Defining Arens’ space using diagrams

Posted on April 16, 2023 by Dan Ma

2

One way to define the Arens’ space is a 2-step approach, which is the quotient space approach. The first step is to identify an Euclidean plane consisting of convergent sequences (usually conveniently situated in the two-dimensional plane). The second step is to collapse certain points to make it a quotient space. Another way is to define the space directly, usually using an appropriate subset of the plane (of course, the resulting space is not an Euclidean space). We demonstrate both approaches using diagrams. In the first approach, we use two diagrams, the first one showing what the Euclidean space should look like, the second showing the resulting Arens’ space after certain points are identified. In the second approach, only one diagram is used (the standalone approach). The two-step approach is actually more informative since the quotient space of a separable metric space is a sequential space.

The following diagrams define the spaces without identifying specific points or locations in the Euclidean plane. The diagrams only indicate how the points relate to one another. For a definition of Arens’ space using the quotient space approach using specific points in the plane, see here. For a definition without connection to quotient space, see here. The red diagram and the blue diagram are for the quotient space approach (two-step). The pink diagram is the standalone approach.

The Arens’ space as discussed here is related to the Arens-Fort space, example 26 in Counterexamples in Topology [2].

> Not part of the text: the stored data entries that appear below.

(* Let $M$ be a connected matroid, let $N$ be a minor of $M$ with no loops and no coloops, and let $(A,B)$ be a $2$-separation of $M$ with $B\cap E(N)=\{f\}$. If $f$ is not in series or in parallel with any other element of $M$, then there exists an element $e\in B\setminus\{f\}$ such that both $M\setminus e$ and $M/e$ have $N$ as a minor.
   Context: $\lambda_M(X) = \rank_M(X) + \rank_M(E(M)\setminus X) - \rank(M)$. A $2$-separation of $M$ is a partition $(A,B)$ of $E(M)$ with $|A|,|B|\geq 2$ and $\lambda_M(A)<2$. "$M'$ has $N$ as a minor" means $N$ itself (with labelled ground set) equals $M'/C\setminus D$ for some disjoint $C,D\subseteq E(M')$. *)

theory Defs
  imports Main
begin

text \<open>The predicate is required to vanish outside subsets of the ground set, so
  that equality of matroids (as records) is the usual equality of labelled matroids.\<close>

record 'a matroid =
  ground :: "'a set"
  indep  :: "'a set \<Rightarrow> bool"

definition matroid :: "'a matroid \<Rightarrow> bool" where
  "matroid M \<longleftrightarrow>
     finite (ground M) \<and>
     (\<forall>I. indep M I \<longrightarrow> I \<subseteq> ground M) \<and>
     indep M {} \<and>
     (\<forall>I J. indep M J \<and> I \<subseteq> J \<longrightarrow> indep M I) \<and>
     (\<forall>I J. indep M I \<and> indep M J \<and> card I < card J \<longrightarrow>
        (\<exists>x \<in> J - I. indep M (insert x I)))"

definition rank :: "'a matroid \<Rightarrow> 'a set \<Rightarrow> nat" where
  "rank M X = Max {card I | I. I \<subseteq> X \<and> indep M I}"

definition basis :: "'a matroid \<Rightarrow> 'a set \<Rightarrow> bool" where
  "basis M B \<longleftrightarrow> indep M B \<and> (\<forall>J. indep M J \<and> B \<subseteq> J \<longrightarrow> J = B)"

definition circuit :: "'a matroid \<Rightarrow> 'a set \<Rightarrow> bool" where
  "circuit M C \<longleftrightarrow> C \<subseteq> ground M \<and> \<not> indep M C \<and> (\<forall>x \<in> C. indep M (C - {x}))"

definition dual :: "'a matroid \<Rightarrow> 'a matroid" where
  "dual M = \<lparr>ground = ground M,
             indep = (\<lambda>I. I \<subseteq> ground M \<and> (\<exists>B. basis M B \<and> I \<inter> B = {}))\<rparr>"

definition cocircuit :: "'a matroid \<Rightarrow> 'a set \<Rightarrow> bool" where
  "cocircuit M C \<longleftrightarrow> circuit (dual M) C"

definition loop :: "'a matroid \<Rightarrow> 'a \<Rightarrow> bool" where
  "loop M e \<longleftrightarrow> circuit M {e}"

definition coloop :: "'a matroid \<Rightarrow> 'a \<Rightarrow> bool" where
  "coloop M e \<longleftrightarrow> cocircuit M {e}"

definition in_parallel :: "'a matroid \<Rightarrow> 'a \<Rightarrow> 'a \<Rightarrow> bool" where
  "in_parallel M e f \<longleftrightarrow> e \<noteq> f \<and> circuit M {e, f}"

The Red Diagram – The Euclidean Space

$\displaystyle \begin{aligned} & \\& \text{ } & \text{ } & \cdot & \text{ } & \cdot & \text{ } & \cdot & \text{ } & S_5 & \text{ } & S_4 & \text{ } & S_3 & \text{ } & S_2 & \text{ } & S_1 \\& \text{ } & \text{ } & \cdot & \text{ } & \cdot & \text{ } & \cdot & \text{ } & \bullet &\text{ } & \bullet & \text{ } & \bullet & \text{ } & \bullet & \text{ } & \bullet \\& \text{ } & \text{ } & \cdot & \text{ } & \cdot & \text{ } & \cdot & \text{ } & \bullet &\text{ } &\bullet & \text{ } & \bullet & \text{ } & \bullet & \text{ } & \bullet \\& \text{ } & \text{ } & \cdot & \text{ } & \cdot & \text{ } & \cdot & \text{ } & \bullet & \text{ } &\bullet & \text{ } & \bullet & \text{ } &\bullet & \text{ } & \bullet \\& \text{ } & \text{ } & \cdot &\text{ } &\cdot & \text{ } & \cdot & \text{ } & \cdot & \text{ } & \cdot & \text{ } & \cdot & \text{ } & \cdot & \text{ } & \cdot \\& \text{ } & \text{ } & \cdot &\text{ } & \cdot &\text{ } & \cdot & \text{ } & \downarrow & \text{ } & \downarrow & \text{ } & \downarrow & \text{ } & \downarrow & \text{ } & \downarrow \\& \text{ } & \text{ } & \cdot & \text{ } & \cdot & \text{ } & \cdot & \text{ } & \bullet &\text{ } & \bullet & \text{ } & \bullet &\text{ } & \bullet & \text{ } & \bullet \\& \text{ } & \text{ } & \cdot & \text{ } & \cdot & \text{ } & \cdot & \text{ } & q_5 &\text{ } & q_4 & \text{ } & q_3 &\text{ } & q_2 & \text{ } & q_1 \\& \text{ } & \text{ } & \text{ } &\text{ } & \text{ } & \text{ } & \text{ } &\text{ } & \text{ } & \text{ } & \text{ } & \text{ } & \text{ } & \text{ } & \text{ } & \text{ } & \text{ } \\& \bullet & \leftarrow & \cdot & \text{ } & \cdot & \text{ } & \cdot & \text{ } & \bullet &\text{ } & \bullet & \text{ } & \bullet &\text{ } & \bullet & \text{ } & \bullet \\& p & \text{ } & \cdot & \text{ } & \cdot & \text{ } & \cdot & \text{ } & p_5 &\text{ } & p_4 & \text{ } & p_3 &\text{ } & p_2 & \text{ } & p_1 \end{aligned}$

In all 3 diagrams, the thick bullets represent points in the space and the tiny dots represent “dot dot dot”, indicating that the points or the sequences are continuing countably infinitely. The arrows in the diagrams point to the direction to which the points are converging.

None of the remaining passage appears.